Accounting and Auditing Standards
Foreign private issuers filing Form F-1 are permitted to present their financial statements using IFRS as issued by the International Accounting Standards Board (IASB), without reconciliation to U.S. Generally Accepted Accounting Principles (GAAP). Alternatively, companies may use U.S. GAAP if they choose. The financial statements must be audited by an independent auditor registered with the Public Company Accounting Oversight Board (PCAOB).
This flexibility helps reduce the compliance burden for foreign issuers and aligns the registration process with global accounting norms. However, the SEC still requires rigorous disclosures and audit procedures to maintain transparency and investor confidence.
Filing Process and SEC Review
Once Form F-1 is filed, the SEC conducts a detailed review of the document to ensure it complies with applicable securities laws and regulations. The review process may involve multiple comment letters, during which the SEC requests clarifications or additional disclosures. The issuer must respond to these comments before the registration can be declared effective.

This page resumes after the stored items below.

(* For every non-negative integer $n$, the map $(T,\lambda)\mapsto\sigma(T,\lambda)$ is a bijection from the set of all increasing trees with $n$ branchings onto the set of all set compositions of $[n]=\{1,\ldots,n\}$.
   Context: A (planar rooted) tree is a finite planar rooted tree in which every vertex has exactly one outgoing edge (towards the root; the vertex nearest the root has an outgoing root edge) and at least two incoming edges, ordered from left to right; incoming edges either come from another vertex or are leaves. The trivial tree $\varepsilon$ has no vertex (a single edge). For $m\ge 1$ and trees $T_0,\ldots,T_m$, the wedge $\bigvee(T_0,\ldots,T_m)$ is obtained by joining the roots of $T_0,\ldots,T_m$ (in this left-to-right order) to a new vertex, which receives a new root edge; every non-trivial tree is uniquely such a wedge. A vertex with $m+1$ incoming edges carries $m$ branchings, namely the $m$ pairs of consecutive incoming edges at that vertex; a branching is assigned the vertex carrying it. Let $B(T)$ be the set of branchings of $T$ and $b(T)=|B(T)|$. The left-to-right order $\preceq$ on $B(T)$ is defined recursively: if $T=\bigvee(T_0,\ldots,T_m)$ and $b_1,\ldots,b_m$ are the branchings at the root vertex, from left to right (the root branchings, $b_i$ lying between $T_{i-1}$ and $T_i$), then $b_i\prec b\prec b_{i+1}$ for all $b\in B(T_i)$ (with $b_0$, $b_{m+1}$ omitted), and $B(T_i)$ carries its own order. The natural labelling is the unique order-preserving bijection $([n],\le)\to(B(T),\preceq)$, $n=b(T)$. A standard level function on $T$ is a surjective map $\lambda$ from the set of vertices of $T$ onto $[k]$ for some $k\ge 0$ that is strictly increasing along every path from a leaf to the root; an increasing tree is a pair $(T,\lambda)$ with $\lambda$ a standard level function, and the level of a branching is the level of its vertex. A set composition of a finite set $S$ of length $k$ is a tuple $(P_1,\ldots,P_k)$ of pairwise disjoint non-empty subsets with union $S$. For an increasing tree $(T,\lambda)$ with $n$ branchings and $k$ levels, $\sigma(T,\lambda)=(P_1,\ldots,P_k)$ where $P_i$ is the set of natural labels of the branchings of $T$ at level $i$. *)

theory Defs
  imports Main
begin

text \<open>Planar rooted trees: Leaf is the trivial tree (a single edge);
  Node [T0,...,Tm] is the wedge. Well-formedness: every vertex has at least two incoming edges.\<close>
datatype ptree = Leaf | Node "ptree list"

fun wf_ptree :: "ptree \<Rightarrow> bool" where
  "wf_ptree Leaf = True"
| "wf_ptree (Node ts) = (2 \<le> length ts \<and> (\<forall>t\<in>set ts. wf_ptree t))"

text \<open>Vertices are addressed by paths from the root: [] is the root vertex,
  i # p is vertex p of the i-th subtree (counted from 0, left to right).\<close>
function vertices :: "ptree \<Rightarrow> nat list set" where
  "vertices Leaf = {}"
| "vertices (Node ts) = insert [] (\<Union>(i, t)\<in>set (zip [0..<length ts] ts). (Cons i) ` vertices t)"
  by pat_completeness auto
termination
  by (relation "measure size") (auto dest!: set_zip_rightD simp: less_Suc_eq_le intro: size_list_estimation')

text \<open>Branchings: a pair (p, j) with 1 \<le> j \<le> m is the j-th branching at vertex p
  (between incoming edges j-1 and j). The list is in the left-to-right order:
  B(T0), b1, B(T1), b2, ..., bm, B(Tm).\<close>
function branchings :: "ptree \<Rightarrow> (nat list \<times> nat) list" where
  "branchings Leaf = []"
| "branchings (Node ts) =
     concat (map (\<lambda>(i, t). map (\<lambda>(p, j). (i # p, j)) (branchings t)
                       @ (if i + 1 < length ts then [([], i + 1)] else []))
              (zip [0..<length ts] ts))"
  by pat_completeness auto
termination
  by (relation "measure size") (auto dest!: set_zip_rightD simp: less_Suc_eq_le intro: size_list_estimation')

definition num_branchings :: "ptree \<Rightarrow> nat" where
  "num_branchings T = length (branchings T)"

definition std_level :: "ptree \<Rightarrow> (nat list \<Rightarrow> nat) \<Rightarrow> bool" where
  "std_level T lam \<longleftrightarrow>
     (\<forall>p. p \<notin> vertices T \<longrightarrow> lam p = 0) \<and>
     (\<exists>k. lam ` vertices T = {1..k}) \<and>
     (\<forall>p i. p \<in> vertices T \<longrightarrow> p @ [i] \<in> vertices T \<longrightarrow> lam (p @ [i]) < lam p)"

definition increasing_trees :: "nat \<Rightarrow> (ptree \<times> (nat list \<Rightarrow> nat)) set" where
  "increasing_trees n = {(T, lam). wf_ptree T \<and> std_level T lam \<and> num_branchings T = n}"

definition num_levels :: "ptree \<Rightarrow> (nat list \<Rightarrow> nat) \<Rightarrow> nat" where
  "num_levels T lam = card (lam ` vertices T)"

text \<open>sigma(T, lam) = (P1,...,Pk), Pi = natural labels (1-based positions in the
  left-to-right order) of branchings at level i.\<close>
definition sigma :: "ptree \<times> (nat list \<Rightarrow> nat) \<Rightarrow> nat set list" where
  "sigma Tl = (case Tl of (T, lam) \<Rightarrow>
     map (\<lambda>i. {Suc q | q. q < length (branchings T) \<and> lam (fst (branchings T ! q)) = i})
         [1..<Suc (num_levels T lam)])"

definition set_composition :: "'a set \<Rightarrow> 'a set list \<Rightarrow> bool" where
  "set_composition S Ps \<longleftrightarrow>
     (\<forall>P\<in>set Ps. P \<noteq> {}) \<and>
     (\<forall>i j. i < length Ps \<longrightarrow> j < length Ps \<longrightarrow> i \<noteq> j \<longrightarrow> Ps ! i \<inter> Ps ! j = {}) \<and>
     \<Union>(set Ps) = S"

end

theory Submission
  imports Defs
begin

text \<open>Reading the levels of the branchings of an increasing tree from left to right gives a word
  of length \<open>n\<close> whose set of letters is \<open>{1..k}\<close> (a packed word), and \<open>sigma\<close> is the set
  composition whose \<open>i\<close>-th block consists of the positions of the letter \<open>i\<close>; this
  identifies packed words of length \<open>n\<close> with set compositions of \<open>{1..n}\<close>. The tree is
  recovered from its word: the root carries the unique largest letter, and its occurrences, one
  for each root branching, cut the word into the words of the subtrees.\<close>

section \<open>Splitting a list at a separator\<close>

fun join_sep :: "'a \<Rightarrow> 'a list list \<Rightarrow> 'a list" where
  "join_sep c [] = []"
| "join_sep c [w] = w"
| "join_sep c (w # v # ws) = w @ c # join_sep c (v # ws)"
definition coord_line ::
    "nat \<Rightarrow> (real \<Rightarrow> real \<Rightarrow> real \<Rightarrow> 'a) \<Rightarrow> real \<Rightarrow> real \<Rightarrow> real \<Rightarrow> real \<Rightarrow> 'a" where
  "coord_line n f t x y = (\<lambda>s. if n = 0 then f s x y else if n = 1 then f t s y else f t x s)"

lemma pdir_eq_coord_line:
  "pdir I n f t x y = vector_derivative (coord_line n f t x y) (at (coord n t x y) within coord_dom I n)"
  by (simp add: pdir_def pdt_def pd1_def pd2_def coord_line_def coord_def coord_dom_def)

lemma coord_in_coord_dom: "t \<in> I \<Longrightarrow> coord n t x y \<in> coord_dom I n"
  by (simp add: coord_def coord_dom_def)

lemma coord_line_at_coord: "coord_line n f t x y (coord n t x y) = f t x y"
  by (simp add: coord_line_def coord_def)

lemma coord_line_map:
  "coord_line n (\<lambda>t x y. L (f t x y)) t x y = (\<lambda>s. L (coord_line n f t x y s))"
  by (rule ext) (simp add: coord_line_def)

lemma coord_line_map2:
  "coord_line n (\<lambda>t x y. H (f t x y) (g t x y)) t x y
     = (\<lambda>s. H (coord_line n f t x y s) (coord_line n g t x y s))"
  by (rule ext) (simp add: coord_line_def)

Upon clearance, the issuer can proceed with pricing and selling the securities to U.S. investors. Form F-1 may be amended several times before becoming effective, particularly in response to SEC feedback or changes in offering terms.
Regulatory Considerations
Companies using Form F-1 must also comply with other regulations, such as the Securities Act’s antifraud provisions and the SEC’s rules on public communications and “gun-jumping” (improper promotional activities before a registration becomes effective). If the offering involves underwriters, they must also comply with applicable rules under the Financial Industry Regulatory Authority (FINRA).
Additionally, issuers must consider ongoing reporting obligations following the offering. Depending on listing status and public float, these may include annual reports on Form 20-F and other periodic filings under the Exchange Act.
The Bottom Line
SEC Form F-1 is a critical disclosure tool that allows foreign private issuers to enter U.S. capital markets and offer securities to American investors. While it parallels the domestic Form S-1 in structure and purpose, it is tailored to accommodate the unique legal, accounting, and regulatory environments of non-U.S. entities. Filing Form F-1 requires a comprehensive presentation of financial, operational, and governance information, and is subject to detailed SEC review. Once effective, it opens the door for foreign companies to raise capital in one of the largest and most liquid markets in the world.